As well as being a PHRI Scientist, Richard is a cardiac surgeon and intensive care physician at Hamilton Health Sciences. His clinical focus is on aortic valve intervention and aortic surgery. He is a lead investigator for the CIHR funded studies SIRS, LAAOS III, and TRICS III, which have established a network of more than 120 centres to address important questions in his field.
He has published more than 90 articles in referred journals. Medically qualified at the University of Toronto, Richard received his specialist training in cardiac surgery and critical care medicine at McMaster University. In 2012, he received his PhD in clinical epidemiology.
Senior Scientist
John Eikelboom is Associate Professor in the Department of Medicine, McMaster University, and a haematologist in the Thrombosis Service, Hamilton General Hospital. He originally trained in Internal Medicine and Haematology in Perth, Australia and subsequently moved to Hamilton to take up a Tier II Canada Research Chair in Cardiovascular Medicine.
He has co-authored more than 350 articles in peer-reviewed journals. His current research, supported by the Canadian Institutes for Health Research, the Heart and Stroke Foundation and the National Health and Medical Research Council of Australia, focuses on the efficacy and safety of antithrombotic therapies, outcomes after blood transfusion and bleeding, and the mechanisms of variable response to antiplatelet drugs.
Statistical Operations Manager
Kumar Balasubramanian has been an integral part of the PHRI Statistics department since November 2013 when he joined as a Statistical Analyst; then became Statistical Analyst II in 2016, and Statistical Coordinator in 2018. In August 2021 he became the department’s Statistical Operations Manager.
Before coming to PHRI, Kumar held academic statistical positions at University of Calgary and University of Toronto. He holds a Masters in Biostatistics from University of Toronto.
Executive Director; Senior Scientist
Salim Yusuf is an internationally renowned cardiologist and epidemiologist, whose work over 40 years has substantially influenced prevention and treatment of cardiovascular disease. Born in India, medically qualified at St. John’s Medical College, Bangalore in 1976, he received a Rhodes Scholarship and obtained a DPhil from Oxford, during which he (along with Richard Peto, Rory Collins and Peter Sleight) initiated the concepts of large, simple trials, and meta-analysis. He proposed the concept of combination drug treatment for prevention of CVD to achieve large reductions in CVD with a single pill (now called the polypill concept), but more importantly has been evaluating the concept through large randomized trials.

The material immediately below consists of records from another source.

(* Let $(k_n)$ be a sequence of positive integers with $2^{k_n}/n\to\infty$. Then, under the conditional distribution given $X_n^*=2^{k_n}$, \[ \frac{S_n}{X_n^*}-\frac{n k_n}{2^{k_n}}\xrightarrow{\ \mathbb{P}\ }1 , \] i.e. for every $\varepsilon>0$, $\mathbb{P}\big\{\big|\frac{S_n}{X_n^*}-\frac{nk_n}{2^{k_n}}-1\big|>\varepsilon\ \big|\ X_n^*=2^{k_n}\big\}\to0$.
   Context: $X_1,X_2,\ldots$ are iid with $\mathbb{P}\{X_i=2^k\}=2^{-k}$, $k\in\{1,2,\ldots\}$; $S_n=\sum_{i\le n}X_i$, $X_n^*=\max_{i\le n}X_i$. *)

theory Defs
  imports "HOL-Probability.Probability"
begin

definition S :: "(nat \<Rightarrow> 'a \<Rightarrow> real) \<Rightarrow> nat \<Rightarrow> 'a \<Rightarrow> real" where
  "S X n \<omega> = (\<Sum>i\<in>{1..n}. X i \<omega>)"

definition Xmax :: "(nat \<Rightarrow> 'a \<Rightarrow> real) \<Rightarrow> nat \<Rightarrow> 'a \<Rightarrow> real" where
  "Xmax X n \<omega> = Max ((\<lambda>i. X i \<omega>) ` {1..n})"

end

theory Submission
  imports Defs "HOL-Real_Asymp.Real_Asymp"
begin

text \<open>
  Write \<open>m = 2^k\<close>. On the event \<open>X\<^sup>*\<^sub>n = m\<close> some \<open>X\<^sub>i\<close> equals \<open>m\<close> and all other summands are
  at most \<open>m\<close>, so \<open>S\<^sub>n/X\<^sup>*\<^sub>n - nk/m - 1\<close> equals, up to the negligible \<open>k/m\<close>, the sum of the
  \<open>n - 1\<close> variables \<open>(X\<^sub>j 1{X\<^sub>j \<le> m} - k)/m\<close>, \<open>j \<noteq> i\<close>. These are independent of \<open>X\<^sub>i\<close>, centred,
  and have second moment at most \<open>2/m\<close>, so Chebyshev's inequality bounds the joint probability
  by \<open>O(n\<^sup>2/(\<epsilon>\<^sup>2m\<^sup>2))\<close>. On the other hand \<open>P{X\<^sup>*\<^sub>n = m} \<ge> n/(2m)\<close> as soon as \<open>4n \<le> m\<close>, because
  each of the \<open>n\<close> disjoint events "\<open>X\<^sub>i = m\<close> and all other \<open>X\<^sub>j < m\<close>" has probability at least
  \<open>(1/m)(1 - 2/m)\<^sup>n\<^sup>-\<^sup>1\<close>. Hence the conditional probability is \<open>O(n/(\<epsilon>\<^sup>2m))\<close>, which tends to \<open>0\<close>.
\<close>

lemma abs_gt_half_of_abs_diff_gt:
  fixes e t a :: real
  assumes "e < \<bar>t - a\<bar>" "0 \<le> a" "a \<le> e / 2"
  shows "e / 2 < \<bar>t\<bar>"
  using assms by (cases "t \<ge> 0"; cases "t - a \<ge> 0") auto
(* Let $\omega\ge 2$ and let $\Gamma$ be a finite simple graph that is $\omega$-clique regular, with $m$ cliques of order $\omega$ (so $\Gamma$ has $N=m\binom{\omega}{2}$ edges). Let $\mu_1\le\cdots\le\mu_N$ be the eigenvalues of the adjacency matrix of the line graph $L(\Gamma)$. Then every eigenvalue $\lambda$ of the adjacency matrix of $C_\omega(\Gamma)$ satisfies \[\frac{\omega}{\omega-1}\left(\frac{\mu_1}{2}-\omega+2\right)\le\lambda\le\frac{\omega}{\omega-1}\left(\frac{\mu_N}{2}-\omega+2\right).\]
   Context: A graph is $\omega$-clique regular if it has a nonempty edge set and every edge is contained in exactly one clique of order $\omega$. $L(\Gamma)$ is the line graph (vertices = edges of $\Gamma$, adjacent iff sharing an endpoint). The $\omega$-clique graph $C_\omega(\Gamma)$ has as vertices the cliques of order $\omega$ in $\Gamma$, two distinct ones adjacent iff they have nonempty intersection. *)

theory Defs
  imports Complex_Main
begin

definition simple_graph :: "'a set \<Rightarrow> 'a set set \<Rightarrow> bool" where
  "simple_graph V E \<longleftrightarrow> finite V \<and> (\<forall>e\<in>E. e \<subseteq> V \<and> card e = 2)"

definition is_clique :: "'a set \<Rightarrow> 'a set set \<Rightarrow> nat \<Rightarrow> 'a set \<Rightarrow> bool" where
  "is_clique V E w K \<longleftrightarrow> K \<subseteq> V \<and> card K = w \<and>
     (\<forall>x\<in>K. \<forall>y\<in>K. x \<noteq> y \<longrightarrow> {x, y} \<in> E)"

definition cliques :: "'a set \<Rightarrow> 'a set set \<Rightarrow> nat \<Rightarrow> 'a set set" where
  "cliques V E w = {K. is_clique V E w K}"

definition clique_regular :: "'a set \<Rightarrow> 'a set set \<Rightarrow> nat \<Rightarrow> bool" where
  "clique_regular V E w \<longleftrightarrow> E \<noteq> {} \<and>
     (\<forall>e\<in>E. \<exists>!K. is_clique V E w K \<and> e \<subseteq> K)"

definition line_adj :: "'a set \<Rightarrow> 'a set \<Rightarrow> bool" where
  "line_adj e f \<longleftrightarrow> e \<noteq> f \<and> e \<inter> f \<noteq> {}"

definition clique_adj :: "'a set \<Rightarrow> 'a set \<Rightarrow> bool" where
  "clique_adj K L \<longleftrightarrow> K \<noteq> L \<and> K \<inter> L \<noteq> {}"

text \<open>lam is an eigenvalue of the adjacency matrix of the graph with (finite) vertex
  set W and adjacency relation A: there is a nonzero vector f indexed by W with
  A f = lam f.  (The adjacency matrix is real symmetric, so all eigenvalues are real
  and have real eigenvectors.)\<close>
definition adj_eigenvalue :: "'v set \<Rightarrow> ('v \<Rightarrow> 'v \<Rightarrow> bool) \<Rightarrow> real \<Rightarrow> bool" where
  "adj_eigenvalue W A lam \<longleftrightarrow>
     (\<exists>f :: 'v \<Rightarrow> real. (\<exists>v\<in>W. f v \<noteq> 0) \<and>
        (\<forall>v\<in>W. (\<Sum>u\<in>{u\<in>W. A v u}. f u) = lam * f v))"

definition adj_spectrum :: "'v set \<Rightarrow> ('v \<Rightarrow> 'v \<Rightarrow> bool) \<Rightarrow> real set" where
  "adj_spectrum W A = {lam. adj_eigenvalue W A lam}"

end

theory Submission
  imports Defs "HOL-Analysis.Analysis" "Jordan_Normal_Form.Char_Poly"
begin

(* An eigenvector g of the clique graph is lifted to the edges by f e = g K\<^sub>e, where
  K\<^sub>e is the unique \<omega>-clique containing e.  If N and M are the vertex-edge and vertex-clique
  incidence matrices, then A(L(\<Gamma>)) = N\<^sup>T N - 2 I and A(C\<^sub>\<omega>(\<Gamma>)) = M\<^sup>T M - \<omega> I, and since a
  clique through a vertex x has \<omega> - 1 edges at x, N f = (\<omega> - 1) M g.  Hence
  f\<^sup>T A(L(\<Gamma>)) f = (\<omega> - 1)((\<omega> - 1)(\<omega> + \<lambda>) - \<omega>) |g|\<^sup>2 and |f|\<^sup>2 = \<omega>(\<omega> - 1)/2 |g|\<^sup>2.  The Rayleigh
  quotient of f lies between the extreme eigenvalues \<mu>\<^sub>1 and \<mu>\<^sub>N of L(\<Gamma>), and solving for \<lambda>
  gives the bounds.  That the extreme eigenvalues bound the Rayleigh quotient is proved directly:
  a maximiser of the quadratic form on the unit sphere is an eigenvector. *)

definition matvec :: "('v \<Rightarrow> 'v \<Rightarrow> real) \<Rightarrow> 'v set \<Rightarrow> ('v \<Rightarrow> real) \<Rightarrow> 'v \<Rightarrow> real" where
  "matvec a W f v = (\<Sum>u\<in>W. a v u * f u)"

definition dot :: "'v set \<Rightarrow> ('v \<Rightarrow> real) \<Rightarrow> ('v \<Rightarrow> real) \<Rightarrow> real" where
  "dot W f g = (\<Sum>v\<in>W. f v * g v)"

definition is_eigenvector :: "('v \<Rightarrow> 'v \<Rightarrow> real) \<Rightarrow> 'v set \<Rightarrow> real \<Rightarrow> ('v \<Rightarrow> real) \<Rightarrow> bool" where
  "is_eigenvector a W mu f \<longleftrightarrow> (\<exists>v\<in>W. f v \<noteq> 0) \<and> (\<forall>v\<in>W. matvec a W f v = mu * f v)"

definition adj_matrix :: "('v \<Rightarrow> 'v \<Rightarrow> bool) \<Rightarrow> 'v \<Rightarrow> 'v \<Rightarrow> real" where
  "adj_matrix A v u = (if A v u then 1 else 0)"
lemma demimartingale_maximal_ineq_Min:
  fixes l :: real and n :: nat
  assumes "finite_measure M" and S_0: "\<And>\<omega>. \<omega> \<in> space M \<Longrightarrow> S 0 \<omega> = 0"
  shows "l * measure M {\<omega>\<in>space M. l \<le> Max ((\<lambda>k. S k \<omega>) ` {0..n})}
           \<le> (\<integral>\<omega>. - Min ((\<lambda>k. S k \<omega>) ` {0..n}) \<partial>M)"
proof -
  let ?B = "{\<omega>\<in>space M. l \<le> Max ((\<lambda>k. S k \<omega>) ` {0..n})}"
  let ?Min = "\<lambda>\<omega>. Min ((\<lambda>k. S k \<omega>) ` {0..n})"
  have integrable_Min: "integrable M ?Min"
    by (intro integrable_Min_image demimartingale_integrable) auto
  have "l * measure M ?B \<le> (\<integral>\<omega>. indicator ?B \<omega> * S n \<omega> \<partial>M)"
    by (rule demimartingale_maximal_ineq[OF assms(1)])
  also have "\<dots> \<le> (\<integral>\<omega>. S n \<omega> - ?Min \<omega> \<partial>M)"
  proof (intro integral_mono)
    fix \<omega> assume "\<omega> \<in> space M"
    have Min_le_S_n: "?Min \<omega> \<le> S n \<omega>" and "?Min \<omega> \<le> S 0 \<omega>"
      by (simp_all add: Min_le)
    with S_0[OF \<open>\<omega> \<in> space M\<close>] have Min_nonpos: "?Min \<omega> \<le> 0"
      by linarith
    show "indicator ?B \<omega> * S n \<omega> \<le> S n \<omega> - ?Min \<omega>"
    proof (cases "\<omega> \<in> ?B")
      case True
      then have "indicator ?B \<omega> * S n \<omega> = S n \<omega>"
        by (simp only: indicator_simps(1)[OF True] mult_1)
      with Min_nonpos show ?thesis by linarith
    next
      case False
      then have "indicator ?B \<omega> * S n \<omega> = 0"
        by (simp only: indicator_simps(2)[OF False] mult_zero_left)
      with Min_le_S_n show ?thesis by linarith
    qed
  next
    have "?B \<in> sets M"
      by measurable
    from integrable_mult_indicator[OF this demimartingale_integrable]
    show "integrable M (\<lambda>\<omega>. indicator ?B \<omega> * S n \<omega>)"
      by (simp only: real_scaleR_def)
    show "integrable M (\<lambda>\<omega>. S n \<omega> - ?Min \<omega>)"
      by (rule Bochner_Integration.integrable_diff[OF demimartingale_integrable integrable_Min])
  qed
  also have "\<dots> = (\<integral>\<omega>. - ?Min \<omega> \<partial>M)"
  proof -
    have "(\<integral>\<omega>. S 0 \<omega> \<partial>M) = (\<integral>\<omega>. 0 \<partial>M)"
      by (rule Bochner_Integration.integral_cong) (simp_all only: S_0)
    then have "(\<integral>\<omega>. S n \<omega> \<partial>M) = 0"
      using demimartingale_integral_eq[of n] by (simp only: integral_zero)
    moreover have "(\<integral>\<omega>. S n \<omega> - ?Min \<omega> \<partial>M) = (\<integral>\<omega>. S n \<omega> \<partial>M) - (\<integral>\<omega>. ?Min \<omega> \<partial>M)"
      by (rule Bochner_Integration.integral_diff[OF demimartingale_integrable integrable_Min])
    moreover have "(\<integral>\<omega>. - ?Min \<omega> \<partial>M) = - (\<integral>\<omega>. ?Min \<omega> \<partial>M)"
      by (rule Bochner_Integration.integral_minus)
    ultimately show ?thesis
      by linarith
  qed
  finally show ?thesis .
qed

end
(* Let $X$ be an infinite h-homogeneous zero-dimensional compact Hausdorff space, let $\upsilon\in\Phi(X)$ and let $\tilde\alpha=\{A_1,\dots,A_m\}$ be a finite partition of $X$ into nonempty clopen sets. Then the relation $<_{\upsilon}$ on $\tilde\alpha$ defined by $A_i<_\upsilon A_j \iff (A_i)_\upsilon\subseteq (A_j)_\upsilon$ is a linear order on $\tilde\alpha$. Moreover, if $A_{i_1}<_\upsilon A_{i_2}<_\upsilon\dots<_\upsilon A_{i_m}$ is this ordering, then for each $k=1,\dots,m$ there is a point $x_k\in A_{i_k}$ with $(A_{i_k})_\upsilon\setminus (A_{i_1}\cup\dots\cup A_{i_{k-1}})^\upsilon=\{x_k\}$ (for $k=1$ the union is empty and the set subtracted is $\emptyset$).
   Context: h-homogeneous: every nonempty clopen subset of $X$ is homeomorphic to $X$. $\Phi(X)$ is the set of maximal chains (maximal families of nonempty closed subsets of $X$ totally ordered by inclusion). For $\upsilon\in\Phi(X)$ and a closed $D\subset X$: if $D\ne\emptyset$, $D_\upsilon=\bigcap\{A\in\upsilon: A\cap D\neq\emptyset\}$ (the least element of $\upsilon$ meeting $D$); and $D^\upsilon=\overline{\bigcup\{A\in\upsilon: A\subset D\}}$ (the largest element of $\upsilon$ contained in $D$ when the root of $\upsilon$ lies in $D$). *)

theory Defs
  imports "HOL-Analysis.Analysis"
begin

definition h_homogeneous :: "'a topology \<Rightarrow> bool" where
  "h_homogeneous X \<longleftrightarrow>
     (\<forall>C. closedin X C \<and> openin X C \<and> C \<noteq> {} \<longrightarrow> subtopology X C homeomorphic_space X)"

definition closed_chain :: "'a topology \<Rightarrow> 'a set set \<Rightarrow> bool" where
  "closed_chain X c \<longleftrightarrow>
     (\<forall>A\<in>c. closedin X A \<and> A \<noteq> {}) \<and> (\<forall>A\<in>c. \<forall>B\<in>c. A \<subseteq> B \<or> B \<subseteq> A)"

definition max_chains :: "'a topology \<Rightarrow> 'a set set set" where
  "max_chains X = {c. closed_chain X c \<and> (\<forall>d. closed_chain X d \<and> c \<subseteq> d \<longrightarrow> d = c)}"

definition chain_lower :: "'a set set \<Rightarrow> 'a set \<Rightarrow> 'a set" where
  "chain_lower v D = \<Inter>{A\<in>v. A \<inter> D \<noteq> {}}"

definition chain_upper :: "'a topology \<Rightarrow> 'a set set \<Rightarrow> 'a set \<Rightarrow> 'a set" where
  "chain_upper X v D = X closure_of (\<Union>{A\<in>v. A \<subseteq> D})"

definition chain_rel :: "'a set set \<Rightarrow> 'a set set \<Rightarrow> ('a set \<times> 'a set) set" where
  "chain_rel v \<alpha> = {(A, B). A \<in> \<alpha> \<and> B \<in> \<alpha> \<and> chain_lower v A \<subseteq> chain_lower v B}"

end

theory Submission
  imports Defs
begin

text \<open>
  Fix a maximal chain \<open>v\<close> and a nonempty clopen set \<open>A\<close>, and let \<open>L = A\<^sub>v\<close>.
  Every member of \<open>v\<close> either meets \<open>A\<close>, and then contains \<open>L\<close>, or misses \<open>A\<close>, and
  then is contained in \<open>L\<close>; by compactness \<open>L\<close> meets \<open>A\<close>.  Let \<open>M\<close> be the closure of
  the union of the members missing \<open>A\<close>.  For every point \<open>x \<in> L - M\<close> the closed set
  \<open>M \<union> {x}\<close> is comparable with every member of \<open>v\<close>, so by maximality it belongs to
  \<open>v\<close>; as it meets \<open>A\<close> it contains \<open>L\<close>, whence \<open>L - M = {x}\<close>.  Since \<open>A\<close> is open,
  this point lies in \<open>A\<close>.  Distinct members of the partition therefore have distinct
  lower sets, which makes \<open><\<^sub>v\<close> a linear order.  For the \<open>k\<close>-th member of the order, every
  chain member not containing its lower set lies in the union \<open>U\<close> of the earlier
  members, so \<open>U\<^sup>v\<close> is squeezed between \<open>M\<close> and the closed set \<open>U\<close>, which misses \<open>x\<close>.

  Only compactness and the T1 property enter.
\<close>

lemma max_chainsD:
  assumes "v \<in> max_chains X" "E \<in> v"
  shows "closedin X E" "E \<noteq> {}"
  using assms by (auto simp: max_chains_def closed_chain_def)

lemma max_chains_comparable:
  "v \<in> max_chains X \<Longrightarrow> E \<in> v \<Longrightarrow> F \<in> v \<Longrightarrow> E \<subseteq> F \<or> F \<subseteq> E"
  by (auto simp: max_chains_def closed_chain_def)

lemma max_chains_memberI:
  assumes "v \<in> max_chains X" "closedin X D" "D \<noteq> {}" "\<forall>E\<in>v. E \<subseteq> D \<or> D \<subseteq> E"
  shows "D \<in> v"
proof -
  have "closed_chain X (insert D v)"
    using assms by (auto simp: max_chains_def closed_chain_def)
  then show ?thesis
    using assms(1) unfolding max_chains_def by blast
qed

lemma topspace_in_max_chain:
  assumes "v \<in> max_chains X" "topspace X \<noteq> {}"
  shows "topspace X \<in> v"
  using assms max_chains_memberI[OF assms(1)] max_chainsD[OF assms(1)] closedin_subset by blast

lemma chain_lower_subset: "E \<in> v \<Longrightarrow> E \<inter> A \<noteq> {} \<Longrightarrow> chain_lower v A \<subseteq> E"
  by (auto simp: chain_lower_def)

lemma subset_chain_lower:
  assumes "v \<in> max_chains X" "E \<in> v" "E \<inter> A = {}"
  shows "E \<subseteq> chain_lower v A"
  using assms max_chains_comparable[OF assms(1,2)] by (fastforce simp: chain_lower_def)

lemma chain_lower_total:
  assumes "v \<in> max_chains X"
  shows "chain_lower v A \<subseteq> chain_lower v B \<or> chain_lower v B \<subseteq> chain_lower v A"
proof (rule ccontr)
  assume "\<not> ?thesis"
  then obtain C where C: "C \<in> v" "C \<inter> B \<noteq> {}" "\<not> chain_lower v A \<subseteq> C"
    and not_sub: "\<not> chain_lower v B \<subseteq> chain_lower v A"
    unfolding chain_lower_def by blast
  then have "C \<subseteq> chain_lower v A"
    using subset_chain_lower[OF assms C(1)] chain_lower_subset by blast
  moreover have "chain_lower v B \<subseteq> C"
    using chain_lower_subset C by blast
  ultimately show False
    using not_sub by blast
qed

lemma closedin_chain_lower:
  assumes v: "v \<in> max_chains X" and "A \<subseteq> topspace X" "A \<noteq> {}"
  shows "closedin X (chain_lower v A)"
proof -
  have "topspace X \<in> {E\<in>v. E \<inter> A \<noteq> {}}"
    using topspace_in_max_chain[OF v] assms(2,3) by blast
  then show ?thesis
    unfolding chain_lower_def using max_chainsD(1)[OF v]
    by (intro closedin_Inter) auto
qed

lemma chain_lower_meets:
  assumes v: "v \<in> max_chains X" and "compact_space X" "closedin X A" "A \<noteq> {}"
  shows "chain_lower v A \<inter> A \<noteq> {}"
proof -
  let ?\<U> = "{C\<in>v. C \<inter> A \<noteq> {}}"
  have "compactin X A"
    using assms closedin_compact_space by blast
  then have fip: "A \<inter> \<Inter>\<U> \<noteq> {}"
    if "\<forall>C\<in>\<U>. closedin X C" "\<forall>\<F>. finite \<F> \<and> \<F> \<subseteq> \<U> \<longrightarrow> A \<inter> \<Inter>\<F> \<noteq> {}" for \<U>
    using that unfolding compactin_fip by blast
  have "A \<inter> \<Inter>\<F> \<noteq> {}" if "finite \<F>" "\<F> \<subseteq> ?\<U>" for \<F>
  proof (cases "\<F> = {}")
    case False
    have "subset.chain v \<F>"
      using that(2) max_chains_comparable[OF v] by (auto simp: subset_chain_def)
    then have "\<Inter>\<F> \<in> \<F>"
      using Inter_in_chain[OF that(1) False] by blast
    then show ?thesis
      using that(2) by blast
  qed (use assms(4) in simp)
  then have "A \<inter> \<Inter>?\<U> \<noteq> {}"
    using max_chainsD(1)[OF v] by (intro fip) auto
  then show ?thesis
    by (auto simp: chain_lower_def)
qed

lemma chain_lower_minus_closure_subsingleton:
  assumes v: "v \<in> max_chains X" and t1: "t1_space X" and A: "A \<subseteq> topspace X" "A \<noteq> {}"
    and x: "x \<in> chain_lower v A - X closure_of \<Union>{E\<in>v. E \<inter> A = {}}"
    and y: "y \<in> chain_lower v A - X closure_of \<Union>{E\<in>v. E \<inter> A = {}}"
  shows "x = y"
proof (rule ccontr)
  assume "x \<noteq> y"
  define L where "L = chain_lower v A"
  define M where "M = X closure_of \<Union>{E\<in>v. E \<inter> A = {}}"
  define D where "D = M \<union> {x}"
  have "closedin X L"
    unfolding L_def by (rule closedin_chain_lower[OF v A])
  then have "x \<in> topspace X"
    using x closedin_subset unfolding L_def by blast
  then have "closedin X {x}"
    using t1 unfolding t1_space_closedin_singleton by blast
  then have closed_D: "closedin X D"
    unfolding D_def M_def by (intro closedin_Un closedin_closure_of)
  have missing_in_M: "\<Union>{E\<in>v. E \<inter> A = {}} \<subseteq> M"
    unfolding M_def using closedin_subset[OF max_chainsD(1)[OF v]]
    by (intro closure_of_subset) blast
  have "\<Union>{E\<in>v. E \<inter> A = {}} \<subseteq> L"
    unfolding L_def using subset_chain_lower[OF v] by blast
  then have "M \<subseteq> L"
    unfolding M_def using \<open>closedin X L\<close> by (rule closure_of_minimal)
  have "E \<subseteq> D \<or> D \<subseteq> E" if "E \<in> v" for E
  proof (cases "E \<inter> A = {}")
    case True
    then show ?thesis
      using that missing_in_M unfolding D_def by blast
  next
    case False
    then have "L \<subseteq> E"
      unfolding L_def by (rule chain_lower_subset[OF that])
    then show ?thesis
      using \<open>M \<subseteq> L\<close> x unfolding D_def L_def by blast
  qed
  moreover have "D \<noteq> {}"
    unfolding D_def by blast
  ultimately have "D \<in> v"
    using max_chains_memberI[OF v closed_D] by blast
  show False
  proof (cases "D \<inter> A = {}")
    case True
    then have "D \<subseteq> M"
      using \<open>D \<in> v\<close> missing_in_M by blast
    then show False
      using x unfolding D_def M_def by blast
  next
    case False
    then have "L \<subseteq> D"
      unfolding L_def by (rule chain_lower_subset[OF \<open>D \<in> v\<close>])
    then show False
      using y \<open>x \<noteq> y\<close> unfolding D_def L_def M_def by blast
  qed
qed

lemma chain_lower_clopen_singleton:
  assumes v: "v \<in> max_chains X" and "compact_space X" "t1_space X"
    and A: "closedin X A" "openin X A" "A \<noteq> {}"
  shows "\<exists>x. chain_lower v A \<inter> A = {x} \<and>
    chain_lower v A - X closure_of \<Union>{E\<in>v. \<not> chain_lower v A \<subseteq> E} = {x}"
proof -
  let ?L = "chain_lower v A"
  define M where "M = X closure_of \<Union>{E\<in>v. E \<inter> A = {}}"
  obtain x where x: "x \<in> ?L" "x \<in> A"
    using chain_lower_meets[OF v assms(2) A(1,3)] by blast
  have "\<Union>{E\<in>v. E \<inter> A = {}} \<subseteq> topspace X - A"
    using closedin_subset[OF max_chainsD(1)[OF v]] by blast
  then have "M \<subseteq> topspace X - A"
    unfolding M_def using A(2) by (intro closure_of_minimal) auto
  with x have x_gap: "x \<in> ?L - M"
    by blast
  have unique: "y = x" if "y \<in> ?L - M" for y
    using chain_lower_minus_closure_subsingleton[OF v assms(3) closedin_subset[OF A(1)] A(3)]
      x_gap that unfolding M_def by blast
  have "{E\<in>v. \<not> ?L \<subseteq> E} = {E\<in>v. E \<inter> A = {}}"
    using chain_lower_subset x by blast
  moreover have "?L \<inter> A = {x}"
    using x unique \<open>M \<subseteq> topspace X - A\<close> by blast
  moreover have "?L - M = {x}"
    using x_gap unique by blast
  ultimately show ?thesis
    unfolding M_def by auto
qed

He leads several global studies involving more than 60 countries in every inhabited continent of the world aimed at enhancing knowledge about the biological, behavioural and societal causes, consequences, and approaches to the control of heart diseases, and strokes through large multi-country programs such as INTERHEART, INTERSTROKE, and PURE.
He holds a Heart and Stroke Foundation of Ontario Research Chair and has received (among others) the Lifetime Research Achievement award of the Canadian Cardiovascular Society; the Paul Wood Silver Medal of the British Cardiac Society; the European Society of Cardiology gold medal, the clinical Research Prize of the American Heart Association and the International Award and the Braunwald Lecture of the American College of Cardiology. He has been inducted into the Royal Society of Canada and the Canadian Medical Hall of Fame; been appointed as an Officer of the Order of Canada, and received the Canada Gairdner Wightman Award in 2014. He has received four honorary doctorates, and is among the top 20 most cited health researchers in history.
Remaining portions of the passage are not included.